The event celebrated Aboriginal communities’ stories, histories, traditional knowledge and associations with the Cooks River. Guest speakers shared their knowledge of  new and comprehensive Aboriginal history of the Cooks River. There was an oral history exhibition featuring local contemporary Aboriginal people along the river.  Participants explored the traditional life of the Cooks River in 1770 via virtual simulation. In addition, there were musical performances, bush tucker food, and a walking tour.







 The 200 metre long installation ran through the Addison Rd Community Centre. It crossed a carpark, footpaths and an access road. It revealed the old freshwater creek that ran through the site.




Big Thanks to Reverse Garbage for donating the material.

To all the crew at Addison Road Community Centre. Your tireless support is much appreciated.

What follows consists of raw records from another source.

lemma slash2_eq_if_bottom_row_cong:
  assumes det1: "a1 * d1 - b1 * c1 = 1" and det2: "a2 * d2 - b2 * c2 = 1"
    and "c1 mod int N = c2 mod int N" "d1 mod int N = d2 mod int N"
    and "Im \<sigma> > 0"
  shows "slash2 f a1 b1 c1 d1 \<sigma> = slash2 f a2 b2 c2 d2 \<sigma>"
proof -
  \<comment> \<open>the matrix with entries g1, g2, g3, g4 is the quotient of the two matrices; it lies in Gamma_0(N)\<close>
  define g1 where "g1 = a1 * d2 - b1 * c2"
  define g2 where "g2 = - a1 * b2 + b1 * a2"
  define g3 where "g3 = c1 * d2 - d1 * c2"
  define g4 where "g4 = - c1 * b2 + d1 * a2"
  have "g1 * g4 - g2 * g3 = (a1 * d1 - b1 * c1) * (a2 * d2 - b2 * c2)"
    unfolding g1_def g2_def g3_def g4_def by (simp add: algebra_simps)
  then have det: "g1 * g4 - g2 * g3 = 1" using det1 det2 by simp
  have "int N dvd (c1 - c2) * d2 - (d1 - d2) * c2"
    using assms(3,4) by (simp add: mod_eq_dvd_iff)
  then have dvd: "int N dvd g3" unfolding g3_def by (simp add: algebra_simps)
  have "g1 * a2 + g2 * c2 = a1 * (a2 * d2 - b2 * c2)" "g1 * b2 + g2 * d2 = b1 * (a2 * d2 - b2 * c2)"
    "g3 * a2 + g4 * c2 = c1 * (a2 * d2 - b2 * c2)" "g3 * b2 + g4 * d2 = d1 * (a2 * d2 - b2 * c2)"
    unfolding g1_def g2_def g3_def g4_def by (simp_all add: algebra_simps)
  then have "g1 * a2 + g2 * c2 = a1" "g1 * b2 + g2 * d2 = b1" "g3 * a2 + g4 * c2 = c1" "g3 * b2 + g4 * d2 = d1"
    using det2 by simp_all
  then have "slash2 f a1 b1 c1 d1 \<sigma> = slash2 (slash2 f g1 g2 g3 g4) a2 b2 c2 d2 \<sigma>"
    using slash2_slash2[OF det2 assms(5), of f g1 g2 g3 g4] by simp
  also have "\<dots> = slash2 f a2 b2 c2 d2 \<sigma>"
    using slash2_invariant[OF det dvd Im_moebius_int_pos[OF det2 assms(5)]]
    by (simp add: slash2_moebius_int)
  finally show ?thesis .
qed

lemma slash2_Im_bounded:
  obtains K where "\<And>a b c d \<sigma>. a * d - b * c = 1 \<Longrightarrow> Im \<sigma> \<ge> 4/5 \<Longrightarrow>
    Im \<sigma> * cmod (slash2 f a b c d \<sigma>) \<le> K"
proof -
  define P where "P = {0..<int N} \<times> {0..<int N}"
  define bounds where "bounds x K \<longleftrightarrow> (\<forall>a b c d \<sigma>. a * d - b * c = 1 \<and> (c mod int N, d mod int N) = x
       \<and> Im \<sigma> \<ge> 4/5 \<longrightarrow> Im \<sigma> * cmod (slash2 f a b c d \<sigma>) \<le> K)" for x K
  have "\<exists>K. bounds x K" for x
  proof (cases "\<exists>a b c d. a * d - b * c = 1 \<and> (c mod int N, d mod int N) = x")
    case True
    then obtain a0 b0 c0 d0 where x: "a0 * d0 - b0 * c0 = 1" "(c0 mod int N, d0 mod int N) = x"
      by blast
    obtain h where h: "h holomorphic_on ball 0 1" "h 0 = 0"
        "\<And>\<tau>. Im \<tau> > 0 \<Longrightarrow> slash2 f a0 b0 c0 d0 \<tau> = h (e2pi (\<tau> / of_nat N))"
      using cusp_expansion[OF x(1)] by metis
    obtain K where K: "\<And>\<tau>. Im \<tau> \<ge> 4/5 \<Longrightarrow> Im \<tau> * cmod (h (e2pi (\<tau> / of_nat N))) \<le> K"
      using Im_mult_norm_bounded_if_vanishing_at_cusp[OF h(1,2) level_pos, of "4/5"] by auto
    have "bounds x K"
      unfolding bounds_def
    proof (intro allI impI, elim conjE)
      fix a b c d \<sigma> assume "a * d - b * c = 1" "(c mod int N, d mod int N) = x" "Im \<sigma> \<ge> 4/5"
      then show "Im \<sigma> * cmod (slash2 f a b c d \<sigma>) \<le> K"
        using slash2_eq_if_bottom_row_cong[of a d b c a0 d0 b0 c0 \<sigma>] x h(3) K by auto
    qed
    then show ?thesis by blast
  next
    case False
    then have "bounds x 0" unfolding bounds_def by blast
    then show ?thesis by blast
  qed
  then obtain K where K: "\<And>x. bounds x (K x)" by metis
  show ?thesis
  proof (rule that[of "\<Sum>x\<in>P. \<bar>K x\<bar>"])
    fix a b c d :: int and \<sigma> :: complex
    assume "a * d - b * c = 1" "Im \<sigma> \<ge> 4/5"
    then have "Im \<sigma> * cmod (slash2 f a b c d \<sigma>) \<le> K (c mod int N, d mod int N)"
      using K unfolding bounds_def by blast
    also have "\<dots> \<le> \<bar>K (c mod int N, d mod int N)\<bar>" by simp
    also have "\<dots> \<le> (\<Sum>x\<in>P. \<bar>K x\<bar>)"
      using level_pos by (intro member_le_sum) (auto simp: P_def)
    finally show "Im \<sigma> * cmod (slash2 f a b c d \<sigma>) \<le> (\<Sum>x\<in>P. \<bar>K x\<bar>)" .
  qed
qed

lemma Im_mult_norm_bounded:
  obtains M where "\<And>\<tau>. Im \<tau> > 0 \<Longrightarrow> Im \<tau> * cmod (f \<tau>) \<le> M"
proof -
  obtain K where K: "\<And>a b c d \<sigma>. a * d - b * c = 1 \<Longrightarrow> Im \<sigma> \<ge> 4/5 \<Longrightarrow>
      Im \<sigma> * cmod (slash2 f a b c d \<sigma>) \<le> K"
    using slash2_Im_bounded by blast
  have "Im \<tau> * cmod (f \<tau>) \<le> K" if \<tau>: "Im \<tau> > 0" for \<tau>
  proof -
    obtain w where w: "w \<in> modular_orbit \<tau>" "Im w \<ge> 4/5"
      using modular_orbit_reduce[OF \<tau>] by blast
    obtain a b c d where det: "a * d - b * c = (1::int)" and w_eq: "w = moebius_int a b c d \<tau>"
      using modular_orbit_moebius_int[OF \<tau> w(1)] by blast
    have det': "d * a - (-b) * (-c) = (1::int)" using det by (simp add: algebra_simps)
    have "moebius_int d (-b) (-c) a w = \<tau>" using moebius_int_inverse[OF det \<tau>] w_eq by simp
    then have "Im \<tau> * cmod (f \<tau>) = Im w * cmod (slash2 f d (-b) (-c) a w)"
      using Im_mult_norm_slash2[OF det', of w f] w(2) by simp
    also have "\<dots> \<le> K" using K[OF det' w(2)] .
    finally show ?thesis .
  qed
  then show ?thesis using that by blast
qed

lemma fcoeff_0: "fcoeff f 0 = 0"
  by (simp add: fcoeff_def qexp_inf_0)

Thank you to The Cooks River Alliance for commissioning this work and congratulations on a successful event





The Cooks River Alliance is a partnership between five councils in the Cooks River catchment – Bayside Council, City of Canterbury-Bankstown, City of Sydney, Inner West Council and Strathfield Council. Alliance activities include: engaging with people living and working in the Cooks River Catchment, monitoring water quality, seeking funding, managing the construction of on-ground works, and advocating and lobbying for legislative amendments to help improve the health of the catchment.

http://cooksriver.org.au/



Saturday, 22 April 2017

Musica Viva Family Day 21 April 2017



On Friday 21 April 2017 I had the good fortune of running a Paint a Piano session for Reverse Garbage at the Musica Viva Festival Family Day. It was located at the Sydney Conservatorium of Music. The Musica Viva staff and volunteers were a joy to work with and the Conservatorium Staff were wonderful.



Preparation at  Themes and Variations with Ara and Nyree Vartoukian and a team of Musica Viva volunteers.




As is often the case when working with children all design concepts went out the window as they embraced the activity.





At the end of the day when all the kids were tucked up in bed  Ara Vartoukian from Themes and Variations sneaks in for a quick play on the pianos.